### Problem statement
Among the records, find the lines that hold the string "True" and return them.

===== Records for this task =====

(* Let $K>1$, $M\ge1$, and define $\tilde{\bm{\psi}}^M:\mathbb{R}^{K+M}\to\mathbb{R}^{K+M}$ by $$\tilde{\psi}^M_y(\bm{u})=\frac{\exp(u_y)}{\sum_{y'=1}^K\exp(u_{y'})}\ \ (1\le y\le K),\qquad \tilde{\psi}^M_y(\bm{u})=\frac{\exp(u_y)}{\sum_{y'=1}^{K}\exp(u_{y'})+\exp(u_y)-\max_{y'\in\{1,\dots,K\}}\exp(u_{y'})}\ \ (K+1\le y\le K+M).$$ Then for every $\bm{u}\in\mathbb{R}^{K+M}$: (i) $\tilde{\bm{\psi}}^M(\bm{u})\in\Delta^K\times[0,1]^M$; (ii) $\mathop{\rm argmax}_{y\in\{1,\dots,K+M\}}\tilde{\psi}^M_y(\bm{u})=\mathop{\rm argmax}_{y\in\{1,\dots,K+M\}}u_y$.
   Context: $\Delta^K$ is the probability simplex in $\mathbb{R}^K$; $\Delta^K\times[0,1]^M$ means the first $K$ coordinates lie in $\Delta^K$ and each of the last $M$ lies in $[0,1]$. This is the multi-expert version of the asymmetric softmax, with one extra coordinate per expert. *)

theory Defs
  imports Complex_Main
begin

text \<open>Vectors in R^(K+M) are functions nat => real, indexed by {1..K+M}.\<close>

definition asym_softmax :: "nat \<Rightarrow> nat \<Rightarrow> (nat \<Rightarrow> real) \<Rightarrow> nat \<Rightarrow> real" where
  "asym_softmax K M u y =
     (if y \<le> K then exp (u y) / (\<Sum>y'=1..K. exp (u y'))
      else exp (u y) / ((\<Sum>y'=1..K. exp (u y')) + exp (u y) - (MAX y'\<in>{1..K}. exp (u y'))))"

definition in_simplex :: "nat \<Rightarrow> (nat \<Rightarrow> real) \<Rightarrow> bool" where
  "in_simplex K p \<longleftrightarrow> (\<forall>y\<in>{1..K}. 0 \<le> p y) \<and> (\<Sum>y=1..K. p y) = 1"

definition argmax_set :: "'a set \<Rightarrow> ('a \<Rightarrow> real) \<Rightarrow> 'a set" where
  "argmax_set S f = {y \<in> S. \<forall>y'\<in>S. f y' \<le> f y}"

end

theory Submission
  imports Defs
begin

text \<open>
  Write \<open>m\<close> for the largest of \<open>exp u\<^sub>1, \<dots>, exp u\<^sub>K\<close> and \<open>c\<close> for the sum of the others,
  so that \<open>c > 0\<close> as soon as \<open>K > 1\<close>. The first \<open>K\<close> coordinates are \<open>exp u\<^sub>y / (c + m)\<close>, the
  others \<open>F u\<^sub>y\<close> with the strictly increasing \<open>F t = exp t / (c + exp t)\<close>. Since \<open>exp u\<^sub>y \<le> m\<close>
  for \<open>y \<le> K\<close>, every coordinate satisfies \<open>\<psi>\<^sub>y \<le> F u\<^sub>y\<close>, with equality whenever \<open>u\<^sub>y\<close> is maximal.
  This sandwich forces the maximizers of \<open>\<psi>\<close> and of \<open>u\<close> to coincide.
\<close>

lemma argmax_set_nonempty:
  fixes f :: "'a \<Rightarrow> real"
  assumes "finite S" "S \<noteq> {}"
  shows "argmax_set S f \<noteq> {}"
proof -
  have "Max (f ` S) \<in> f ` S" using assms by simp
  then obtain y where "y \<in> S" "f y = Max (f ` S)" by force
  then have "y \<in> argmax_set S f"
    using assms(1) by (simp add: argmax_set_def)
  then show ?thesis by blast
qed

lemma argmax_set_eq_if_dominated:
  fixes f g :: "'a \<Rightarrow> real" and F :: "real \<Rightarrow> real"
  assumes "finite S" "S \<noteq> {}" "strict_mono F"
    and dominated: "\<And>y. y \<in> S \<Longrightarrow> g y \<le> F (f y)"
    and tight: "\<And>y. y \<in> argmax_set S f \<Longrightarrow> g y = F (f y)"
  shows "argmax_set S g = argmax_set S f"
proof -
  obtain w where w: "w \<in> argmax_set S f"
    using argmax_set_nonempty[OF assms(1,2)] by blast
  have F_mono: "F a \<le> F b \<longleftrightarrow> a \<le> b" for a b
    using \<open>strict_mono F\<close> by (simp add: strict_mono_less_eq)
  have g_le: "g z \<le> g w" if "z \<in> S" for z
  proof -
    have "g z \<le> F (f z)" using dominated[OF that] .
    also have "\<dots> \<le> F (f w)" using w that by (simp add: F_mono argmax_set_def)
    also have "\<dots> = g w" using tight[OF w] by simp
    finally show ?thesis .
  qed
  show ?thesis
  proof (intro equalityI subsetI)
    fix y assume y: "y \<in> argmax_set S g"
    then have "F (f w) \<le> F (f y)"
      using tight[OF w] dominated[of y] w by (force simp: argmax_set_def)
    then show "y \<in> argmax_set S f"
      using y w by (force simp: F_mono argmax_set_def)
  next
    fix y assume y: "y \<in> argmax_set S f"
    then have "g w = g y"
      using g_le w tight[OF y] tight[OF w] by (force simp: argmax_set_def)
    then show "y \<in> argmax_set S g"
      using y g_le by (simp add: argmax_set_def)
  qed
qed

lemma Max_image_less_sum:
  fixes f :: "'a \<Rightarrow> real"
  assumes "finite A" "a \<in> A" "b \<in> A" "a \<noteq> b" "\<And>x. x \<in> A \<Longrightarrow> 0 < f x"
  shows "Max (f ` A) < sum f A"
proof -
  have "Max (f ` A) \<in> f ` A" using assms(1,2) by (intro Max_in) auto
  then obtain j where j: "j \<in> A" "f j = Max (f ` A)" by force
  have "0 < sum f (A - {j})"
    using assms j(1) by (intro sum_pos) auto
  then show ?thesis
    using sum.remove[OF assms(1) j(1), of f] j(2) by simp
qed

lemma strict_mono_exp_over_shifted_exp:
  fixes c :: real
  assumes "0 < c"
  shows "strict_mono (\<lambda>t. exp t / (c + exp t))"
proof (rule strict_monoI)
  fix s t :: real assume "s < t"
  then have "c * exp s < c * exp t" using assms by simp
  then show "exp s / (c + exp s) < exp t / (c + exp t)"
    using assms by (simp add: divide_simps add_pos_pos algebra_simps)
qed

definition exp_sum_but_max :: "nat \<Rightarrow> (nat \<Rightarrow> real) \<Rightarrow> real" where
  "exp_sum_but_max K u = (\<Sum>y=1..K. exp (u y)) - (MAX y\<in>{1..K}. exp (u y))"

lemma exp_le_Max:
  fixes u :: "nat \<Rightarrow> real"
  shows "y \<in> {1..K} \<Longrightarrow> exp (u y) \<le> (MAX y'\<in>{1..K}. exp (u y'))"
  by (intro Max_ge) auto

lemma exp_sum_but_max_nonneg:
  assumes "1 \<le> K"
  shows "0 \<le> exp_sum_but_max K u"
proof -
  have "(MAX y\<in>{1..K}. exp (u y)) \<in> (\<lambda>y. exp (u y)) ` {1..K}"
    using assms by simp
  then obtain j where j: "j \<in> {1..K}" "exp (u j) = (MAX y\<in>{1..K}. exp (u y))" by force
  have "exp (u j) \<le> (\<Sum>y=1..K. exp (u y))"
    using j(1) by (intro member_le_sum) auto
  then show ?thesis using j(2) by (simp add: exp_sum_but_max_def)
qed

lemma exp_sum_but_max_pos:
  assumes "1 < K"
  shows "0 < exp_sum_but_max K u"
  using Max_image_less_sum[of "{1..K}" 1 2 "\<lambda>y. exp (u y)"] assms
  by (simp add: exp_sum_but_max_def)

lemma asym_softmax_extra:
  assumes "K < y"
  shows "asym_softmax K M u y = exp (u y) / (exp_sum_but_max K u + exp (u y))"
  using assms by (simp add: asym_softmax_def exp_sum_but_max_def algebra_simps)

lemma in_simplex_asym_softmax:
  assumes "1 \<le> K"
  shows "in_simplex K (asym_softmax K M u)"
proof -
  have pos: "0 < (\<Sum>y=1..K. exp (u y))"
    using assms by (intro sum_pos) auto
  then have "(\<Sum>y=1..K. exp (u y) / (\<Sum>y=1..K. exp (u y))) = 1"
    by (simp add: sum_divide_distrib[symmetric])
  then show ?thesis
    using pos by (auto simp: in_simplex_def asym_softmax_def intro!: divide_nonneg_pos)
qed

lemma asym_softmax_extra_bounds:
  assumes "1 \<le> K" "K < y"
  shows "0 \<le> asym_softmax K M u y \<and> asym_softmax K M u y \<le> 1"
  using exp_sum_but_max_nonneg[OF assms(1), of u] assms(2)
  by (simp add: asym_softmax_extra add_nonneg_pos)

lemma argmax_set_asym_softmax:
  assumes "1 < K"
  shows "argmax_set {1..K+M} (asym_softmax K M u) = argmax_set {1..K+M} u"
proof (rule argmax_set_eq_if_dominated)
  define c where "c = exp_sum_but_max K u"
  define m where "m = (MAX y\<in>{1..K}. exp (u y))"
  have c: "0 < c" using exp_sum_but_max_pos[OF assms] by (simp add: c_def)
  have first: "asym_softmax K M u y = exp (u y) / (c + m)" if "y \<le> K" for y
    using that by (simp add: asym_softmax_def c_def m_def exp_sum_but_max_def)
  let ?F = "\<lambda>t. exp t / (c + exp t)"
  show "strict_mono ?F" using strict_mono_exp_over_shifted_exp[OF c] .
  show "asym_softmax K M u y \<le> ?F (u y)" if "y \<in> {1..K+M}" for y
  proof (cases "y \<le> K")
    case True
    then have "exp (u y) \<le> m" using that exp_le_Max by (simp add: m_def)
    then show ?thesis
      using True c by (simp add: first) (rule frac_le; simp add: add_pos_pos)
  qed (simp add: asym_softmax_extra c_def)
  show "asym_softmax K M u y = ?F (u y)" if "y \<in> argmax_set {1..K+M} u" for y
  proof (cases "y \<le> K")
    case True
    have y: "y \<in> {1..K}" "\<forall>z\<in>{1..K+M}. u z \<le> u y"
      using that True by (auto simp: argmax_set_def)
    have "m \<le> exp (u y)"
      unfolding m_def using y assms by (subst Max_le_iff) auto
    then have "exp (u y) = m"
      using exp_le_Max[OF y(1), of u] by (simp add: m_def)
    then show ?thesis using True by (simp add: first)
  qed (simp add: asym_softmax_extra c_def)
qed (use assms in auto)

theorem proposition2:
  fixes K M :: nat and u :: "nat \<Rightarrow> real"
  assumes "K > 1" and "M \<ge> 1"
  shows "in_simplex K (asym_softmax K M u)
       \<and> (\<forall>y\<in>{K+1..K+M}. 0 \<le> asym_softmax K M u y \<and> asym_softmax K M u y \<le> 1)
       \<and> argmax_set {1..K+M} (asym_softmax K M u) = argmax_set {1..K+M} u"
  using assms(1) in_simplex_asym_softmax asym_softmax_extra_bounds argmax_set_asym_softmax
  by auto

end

=====
===== Records for this task =====

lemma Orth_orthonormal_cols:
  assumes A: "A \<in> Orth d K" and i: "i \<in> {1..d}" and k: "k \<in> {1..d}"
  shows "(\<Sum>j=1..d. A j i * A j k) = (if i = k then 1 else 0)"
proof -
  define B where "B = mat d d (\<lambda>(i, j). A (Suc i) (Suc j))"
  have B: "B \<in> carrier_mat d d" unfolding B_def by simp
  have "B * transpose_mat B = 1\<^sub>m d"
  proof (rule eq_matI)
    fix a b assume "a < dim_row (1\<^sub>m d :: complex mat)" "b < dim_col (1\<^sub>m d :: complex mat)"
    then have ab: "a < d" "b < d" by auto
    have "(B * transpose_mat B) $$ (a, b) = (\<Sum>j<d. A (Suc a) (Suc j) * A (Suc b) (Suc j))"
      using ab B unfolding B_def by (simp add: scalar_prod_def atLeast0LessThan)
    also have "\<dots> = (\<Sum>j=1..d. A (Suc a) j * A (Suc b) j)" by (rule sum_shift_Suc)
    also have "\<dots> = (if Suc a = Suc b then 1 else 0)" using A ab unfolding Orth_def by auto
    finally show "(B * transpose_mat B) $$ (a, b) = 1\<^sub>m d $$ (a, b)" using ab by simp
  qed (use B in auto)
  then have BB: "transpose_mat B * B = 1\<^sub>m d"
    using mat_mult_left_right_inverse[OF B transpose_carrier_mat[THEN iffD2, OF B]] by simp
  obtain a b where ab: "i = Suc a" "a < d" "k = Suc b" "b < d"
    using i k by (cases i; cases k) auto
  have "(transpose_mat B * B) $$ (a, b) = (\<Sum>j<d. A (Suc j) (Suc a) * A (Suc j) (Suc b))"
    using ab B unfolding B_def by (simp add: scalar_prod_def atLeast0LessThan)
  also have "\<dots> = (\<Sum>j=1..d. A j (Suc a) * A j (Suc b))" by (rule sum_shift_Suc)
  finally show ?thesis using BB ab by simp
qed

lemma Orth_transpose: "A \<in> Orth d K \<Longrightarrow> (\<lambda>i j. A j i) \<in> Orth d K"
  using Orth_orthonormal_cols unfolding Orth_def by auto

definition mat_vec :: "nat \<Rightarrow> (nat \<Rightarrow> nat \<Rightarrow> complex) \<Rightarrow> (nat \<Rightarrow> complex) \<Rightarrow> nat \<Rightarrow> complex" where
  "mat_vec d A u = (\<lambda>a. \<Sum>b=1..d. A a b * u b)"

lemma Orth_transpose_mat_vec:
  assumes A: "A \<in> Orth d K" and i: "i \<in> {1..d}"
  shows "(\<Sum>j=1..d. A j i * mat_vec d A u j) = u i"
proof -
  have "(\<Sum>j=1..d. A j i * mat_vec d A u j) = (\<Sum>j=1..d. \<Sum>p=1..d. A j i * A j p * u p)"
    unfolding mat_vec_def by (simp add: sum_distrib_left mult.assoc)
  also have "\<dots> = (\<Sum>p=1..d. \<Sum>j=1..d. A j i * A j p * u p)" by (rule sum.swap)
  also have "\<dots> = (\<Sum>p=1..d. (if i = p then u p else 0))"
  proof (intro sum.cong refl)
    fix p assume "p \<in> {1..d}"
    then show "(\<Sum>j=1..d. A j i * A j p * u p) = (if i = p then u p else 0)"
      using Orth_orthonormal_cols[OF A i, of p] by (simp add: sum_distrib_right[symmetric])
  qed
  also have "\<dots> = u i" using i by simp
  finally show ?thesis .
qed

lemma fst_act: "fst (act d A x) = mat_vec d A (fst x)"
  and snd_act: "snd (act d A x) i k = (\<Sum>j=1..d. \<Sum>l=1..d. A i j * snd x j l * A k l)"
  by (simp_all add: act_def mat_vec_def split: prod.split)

=====

### Output of the exercise
    case True
      using True c by (simp add: first) (rule frac_le; simp add: add_pos_pos)
    case True
      using that True by (auto simp: argmax_set_def)
    then show ?thesis using True by (simp add: first)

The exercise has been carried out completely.